## [What this task involves]
The full set of records needs to be retyped exactly.
==============================
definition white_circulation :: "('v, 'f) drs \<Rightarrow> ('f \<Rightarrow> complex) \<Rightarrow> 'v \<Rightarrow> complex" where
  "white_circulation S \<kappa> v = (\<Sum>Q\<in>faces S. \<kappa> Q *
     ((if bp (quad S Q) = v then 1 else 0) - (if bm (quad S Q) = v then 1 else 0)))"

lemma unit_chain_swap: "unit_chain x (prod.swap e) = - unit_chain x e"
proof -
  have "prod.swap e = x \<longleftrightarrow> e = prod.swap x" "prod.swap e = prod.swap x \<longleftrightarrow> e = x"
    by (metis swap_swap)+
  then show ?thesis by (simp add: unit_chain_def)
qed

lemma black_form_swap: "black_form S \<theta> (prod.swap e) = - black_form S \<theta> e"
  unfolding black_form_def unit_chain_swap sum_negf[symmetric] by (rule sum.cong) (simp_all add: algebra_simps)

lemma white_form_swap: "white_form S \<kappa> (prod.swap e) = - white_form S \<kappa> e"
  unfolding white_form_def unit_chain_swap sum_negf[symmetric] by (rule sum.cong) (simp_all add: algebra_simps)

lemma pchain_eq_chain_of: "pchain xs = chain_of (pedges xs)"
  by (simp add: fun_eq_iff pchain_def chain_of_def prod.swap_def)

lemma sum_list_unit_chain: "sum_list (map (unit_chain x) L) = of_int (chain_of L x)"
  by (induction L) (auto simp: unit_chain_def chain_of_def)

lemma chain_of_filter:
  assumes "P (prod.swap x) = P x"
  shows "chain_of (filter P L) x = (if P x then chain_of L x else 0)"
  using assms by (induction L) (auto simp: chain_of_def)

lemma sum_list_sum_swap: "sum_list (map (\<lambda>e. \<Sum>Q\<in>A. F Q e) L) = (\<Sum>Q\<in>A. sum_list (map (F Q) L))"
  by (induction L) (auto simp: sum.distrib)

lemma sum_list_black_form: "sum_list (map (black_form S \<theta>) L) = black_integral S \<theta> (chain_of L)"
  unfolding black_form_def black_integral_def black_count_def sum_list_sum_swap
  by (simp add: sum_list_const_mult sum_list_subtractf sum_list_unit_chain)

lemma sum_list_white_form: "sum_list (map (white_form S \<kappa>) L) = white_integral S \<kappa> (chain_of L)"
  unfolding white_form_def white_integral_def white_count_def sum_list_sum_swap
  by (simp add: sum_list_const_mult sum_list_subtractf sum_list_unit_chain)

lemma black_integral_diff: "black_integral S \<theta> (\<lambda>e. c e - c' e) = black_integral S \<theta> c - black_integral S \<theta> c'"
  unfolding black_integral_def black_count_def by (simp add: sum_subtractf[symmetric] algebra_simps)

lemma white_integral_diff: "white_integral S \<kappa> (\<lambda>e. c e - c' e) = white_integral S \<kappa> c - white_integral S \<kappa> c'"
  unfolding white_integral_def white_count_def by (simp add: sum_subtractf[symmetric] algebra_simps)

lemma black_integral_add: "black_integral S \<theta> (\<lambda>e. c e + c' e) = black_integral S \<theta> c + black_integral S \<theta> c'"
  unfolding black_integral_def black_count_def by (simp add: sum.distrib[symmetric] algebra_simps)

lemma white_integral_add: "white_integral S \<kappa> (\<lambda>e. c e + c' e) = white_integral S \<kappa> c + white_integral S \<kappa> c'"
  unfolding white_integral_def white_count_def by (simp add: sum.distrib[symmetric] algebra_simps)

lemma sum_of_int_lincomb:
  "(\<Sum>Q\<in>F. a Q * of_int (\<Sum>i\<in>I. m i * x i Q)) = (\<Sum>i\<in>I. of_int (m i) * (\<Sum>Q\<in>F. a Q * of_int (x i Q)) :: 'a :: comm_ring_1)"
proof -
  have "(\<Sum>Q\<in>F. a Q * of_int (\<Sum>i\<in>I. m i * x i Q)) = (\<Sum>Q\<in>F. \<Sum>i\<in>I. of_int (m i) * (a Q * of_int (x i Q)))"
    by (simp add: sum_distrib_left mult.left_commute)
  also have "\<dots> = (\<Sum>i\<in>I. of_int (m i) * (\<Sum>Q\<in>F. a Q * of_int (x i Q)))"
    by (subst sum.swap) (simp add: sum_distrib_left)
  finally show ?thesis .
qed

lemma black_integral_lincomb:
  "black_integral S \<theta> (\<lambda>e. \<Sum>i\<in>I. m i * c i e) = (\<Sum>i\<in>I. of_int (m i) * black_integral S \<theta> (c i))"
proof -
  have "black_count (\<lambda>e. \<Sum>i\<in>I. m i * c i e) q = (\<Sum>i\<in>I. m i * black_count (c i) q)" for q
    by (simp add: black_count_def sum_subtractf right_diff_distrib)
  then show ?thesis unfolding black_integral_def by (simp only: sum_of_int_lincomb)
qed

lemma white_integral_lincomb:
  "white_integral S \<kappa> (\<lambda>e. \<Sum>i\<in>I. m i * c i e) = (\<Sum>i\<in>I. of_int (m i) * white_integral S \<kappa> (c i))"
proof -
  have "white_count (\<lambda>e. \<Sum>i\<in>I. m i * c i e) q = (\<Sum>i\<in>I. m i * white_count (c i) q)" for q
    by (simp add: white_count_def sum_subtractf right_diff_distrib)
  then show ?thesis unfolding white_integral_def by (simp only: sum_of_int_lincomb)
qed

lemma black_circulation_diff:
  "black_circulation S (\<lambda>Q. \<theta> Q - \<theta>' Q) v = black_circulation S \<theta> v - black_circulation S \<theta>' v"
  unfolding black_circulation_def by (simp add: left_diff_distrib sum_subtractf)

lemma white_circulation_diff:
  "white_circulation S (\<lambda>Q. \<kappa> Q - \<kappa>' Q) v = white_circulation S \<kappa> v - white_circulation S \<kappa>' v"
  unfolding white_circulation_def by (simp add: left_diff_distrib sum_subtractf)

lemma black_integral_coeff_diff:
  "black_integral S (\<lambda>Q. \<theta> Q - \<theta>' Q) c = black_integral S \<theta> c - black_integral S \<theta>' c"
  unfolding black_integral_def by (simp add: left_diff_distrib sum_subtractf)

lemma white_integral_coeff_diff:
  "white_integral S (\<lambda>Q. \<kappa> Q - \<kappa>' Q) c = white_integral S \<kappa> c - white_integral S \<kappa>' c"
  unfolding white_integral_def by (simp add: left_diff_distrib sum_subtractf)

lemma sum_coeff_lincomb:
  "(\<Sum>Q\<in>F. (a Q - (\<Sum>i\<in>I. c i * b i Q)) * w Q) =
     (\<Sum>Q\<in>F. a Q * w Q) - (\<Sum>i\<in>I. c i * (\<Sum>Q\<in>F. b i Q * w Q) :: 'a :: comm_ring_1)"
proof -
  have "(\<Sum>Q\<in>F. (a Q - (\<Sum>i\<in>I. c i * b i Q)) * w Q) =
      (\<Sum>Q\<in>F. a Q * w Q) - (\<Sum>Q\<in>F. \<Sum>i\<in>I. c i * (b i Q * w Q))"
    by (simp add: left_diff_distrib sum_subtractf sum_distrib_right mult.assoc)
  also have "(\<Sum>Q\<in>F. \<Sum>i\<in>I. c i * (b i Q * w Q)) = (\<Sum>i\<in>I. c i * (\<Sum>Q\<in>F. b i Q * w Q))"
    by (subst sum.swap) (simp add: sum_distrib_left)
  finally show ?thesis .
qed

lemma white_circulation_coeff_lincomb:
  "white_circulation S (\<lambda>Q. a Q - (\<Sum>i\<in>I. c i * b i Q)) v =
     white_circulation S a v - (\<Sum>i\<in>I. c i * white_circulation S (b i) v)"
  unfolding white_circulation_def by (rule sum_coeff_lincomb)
==============================
## [Task output]
definition white_circulation :: "('v, 'f) drs \<Rightarrow> ('f \<Rightarrow> complex) \<Rightarrow> 'v \<Rightarrow> complex" where
  "white_circulation S \<kappa> v = (\<Sum>Q\<in>faces S. \<kappa> Q *
     ((if bp (quad S Q) = v then 1 else 0) - (if bm (quad S Q) = v then 1 else 0)))"

lemma unit_chain_swap: "unit_chain x (prod.swap e) = - unit_chain x e"
proof -
  have "prod.swap e = x \<longleftrightarrow> e = prod.swap x" "prod.swap e = prod.swap x \<longleftrightarrow> e = x"
    by (metis swap_swap)+
  then show ?thesis by (simp add: unit_chain_def)
qed

lemma black_form_swap: "black_form S \<theta> (prod.swap e) = - black_form S \<theta> e"
  unfolding black_form_def unit_chain_swap sum_negf[symmetric] by (rule sum.cong) (simp_all add: algebra_simps)

lemma white_form_swap: "white_form S \<kappa> (prod.swap e) = - white_form S \<kappa> e"
  unfolding white_form_def unit_chain_swap sum_negf[symmetric] by (rule sum.cong) (simp_all add: algebra_simps)

lemma pchain_eq_chain_of: "pchain xs = chain_of (pedges xs)"
  by (simp add: fun_eq_iff pchain_def chain_of_def prod.swap_def)

lemma sum_list_unit_chain: "sum_list (map (unit_chain x) L) = of_int (chain_of L x)"
  by (induction L) (auto simp: unit_chain_def chain_of_def)

lemma chain_of_filter:
  assumes "P (prod.swap x) = P x"
  shows "chain_of (filter P L) x = (if P x then chain_of L x else 0)"
  using assms by (induction L) (auto simp: chain_of_def)

lemma sum_list_sum_swap: "sum_list (map (\<lambda>e. \<Sum>Q\<in>A. F Q e) L) = (\<Sum>Q\<in>A. sum_list (map (F Q) L))"
  by (induction L) (auto simp: sum.distrib)

lemma sum_list_black_form: "sum_list (map (black_form S \<theta>) L) = black_integral S \<theta> (chain_of L)"
  unfolding black_form_def black_integral_def black_count_def sum_list_sum_swap
  by (simp add: sum_list_const_mult sum_list_subtractf sum_list_unit_chain)

lemma sum_list_white_form: "sum_list (map (white_form S \<kappa>) L) = white_integral S \<kappa> (chain_of L)"
  unfolding white_form_def white_integral_def white_count_def sum_list_sum_swap
  by (simp add: sum_list_const_mult sum_list_subtractf sum_list_unit_chain)

lemma black_integral_diff: "black_integral S \<theta> (\<lambda>e. c e - c' e) = black_integral S \<theta> c - black_integral S \<theta> c'"
  unfolding black_integral_def black_count_def by (simp add: sum_subtractf[symmetric] algebra_simps)

lemma white_integral_diff: "white_integral S \<kappa> (\<lambda>e. c e - c' e) = white_integral S \<kappa> c - white_integral S \<kappa> c'"
  unfolding white_integral_def white_count_def by (simp add: sum_subtractf[symmetric] algebra_simps)

lemma black_integral_add: "black_integral S \<theta> (\<lambda>e. c e + c' e) = black_integral S \<theta> c + black_integral S \<theta> c'"
  unfolding black_integral_def black_count_def by (simp add: sum.distrib[symmetric] algebra_simps)

lemma white_integral_add: "white_integral S \<kappa> (\<lambda>e. c e + c' e) = white_integral S \<kappa> c + white_integral S \<kappa> c'"
  unfolding white_integral_def white_count_def by (simp add: sum.distrib[symmetric] algebra_simps)

lemma sum_of_int_lincomb:
  "(\<Sum>Q\<in>F. a Q * of_int (\<Sum>i\<in>I. m i * x i Q)) = (\<Sum>i\<in>I. of_int (m i) * (\<Sum>Q\<in>F. a Q * of_int (x i Q)) :: 'a :: comm_ring_1)"
proof -
  have "(\<Sum>Q\<in>F. a Q * of_int (\<Sum>i\<in>I. m i * x i Q)) = (\<Sum>Q\<in>F. \<Sum>i\<in>I. of_int (m i) * (a Q * of_int (x i Q)))"
    by (simp add: sum_distrib_left mult.left_commute)
  also have "\<dots> = (\<Sum>i\<in>I. of_int (m i) * (\<Sum>Q\<in>F. a Q * of_int (x i Q)))"
    by (subst sum.swap) (simp add: sum_distrib_left)
  finally show ?thesis .
qed

lemma black_integral_lincomb:
  "black_integral S \<theta> (\<lambda>e. \<Sum>i\<in>I. m i * c i e) = (\<Sum>i\<in>I. of_int (m i) * black_integral S \<theta> (c i))"
proof -
  have "black_count (\<lambda>e. \<Sum>i\<in>I. m i * c i e) q = (\<Sum>i\<in>I. m i * black_count (c i) q)" for q
    by (simp add: black_count_def sum_subtractf right_diff_distrib)
  then show ?thesis unfolding black_integral_def by (simp only: sum_of_int_lincomb)
qed

lemma white_integral_lincomb:
  "white_integral S \<kappa> (\<lambda>e. \<Sum>i\<in>I. m i * c i e) = (\<Sum>i\<in>I. of_int (m i) * white_integral S \<kappa> (c i))"
proof -
  have "white_count (\<lambda>e. \<Sum>i\<in>I. m i * c i e) q = (\<Sum>i\<in>I. m i * white_count (c i) q)" for q
    by (simp add: white_count_def sum_subtractf right_diff_distrib)
  then show ?thesis unfolding white_integral_def by (simp only: sum_of_int_lincomb)
qed

lemma black_circulation_diff:
  "black_circulation S (\<lambda>Q. \<theta> Q - \<theta>' Q) v = black_circulation S \<theta> v - black_circulation S \<theta>' v"
  unfolding black_circulation_def by (simp add: left_diff_distrib sum_subtractf)

lemma white_circulation_diff:
  "white_circulation S (\<lambda>Q. \<kappa> Q - \<kappa>' Q) v = white_circulation S \<kappa> v - white_circulation S \<kappa>' v"
  unfolding white_circulation_def by (simp add: left_diff_distrib sum_subtractf)

lemma black_integral_coeff_diff:
  "black_integral S (\<lambda>Q. \<theta> Q - \<theta>' Q) c = black_integral S \<theta> c - black_integral S \<theta>' c"
  unfolding black_integral_def by (simp add: left_diff_distrib sum_subtractf)

lemma white_integral_coeff_diff:
  "white_integral S (\<lambda>Q. \<kappa> Q - \<kappa>' Q) c = white_integral S \<kappa> c - white_integral S \<kappa>' c"
  unfolding white_integral_def by (simp add: left_diff_distrib sum_subtractf)

lemma sum_coeff_lincomb:
  "(\<Sum>Q\<in>F. (a Q - (\<Sum>i\<in>I. c i * b i Q)) * w Q) =
     (\<Sum>Q\<in>F. a Q * w Q) - (\<Sum>i\<in>I. c i * (\<Sum>Q\<in>F. b i Q * w Q) :: 'a :: comm_ring_1)"
proof -
  have "(\<Sum>Q\<in>F. (a Q - (\<Sum>i\<in>I. c i * b i Q)) * w Q) =
      (\<Sum>Q\<in>F. a Q * w Q) - (\<Sum>Q\<in>F. \<Sum>i\<in>I. c i * (b i Q * w Q))"
    by (simp add: left_diff_distrib sum_subtractf sum_distrib_right mult.assoc)
  also have "(\<Sum>Q\<in>F. \<Sum>i\<in>I. c i * (b i Q * w Q)) = (\<Sum>i\<in>I. c i * (\<Sum>Q\<in>F. b i Q * w Q))"
    by (subst sum.swap) (simp add: sum_distrib_left)
  finally show ?thesis .
qed

lemma white_circulation_coeff_lincomb:
  "white_circulation S (\<lambda>Q. a Q - (\<Sum>i\<in>I. c i * b i Q)) v =
     white_circulation S a v - (\<Sum>i\<in>I. c i * white_circulation S (b i) v)"
  unfolding white_circulation_def by (rule sum_coeff_lincomb)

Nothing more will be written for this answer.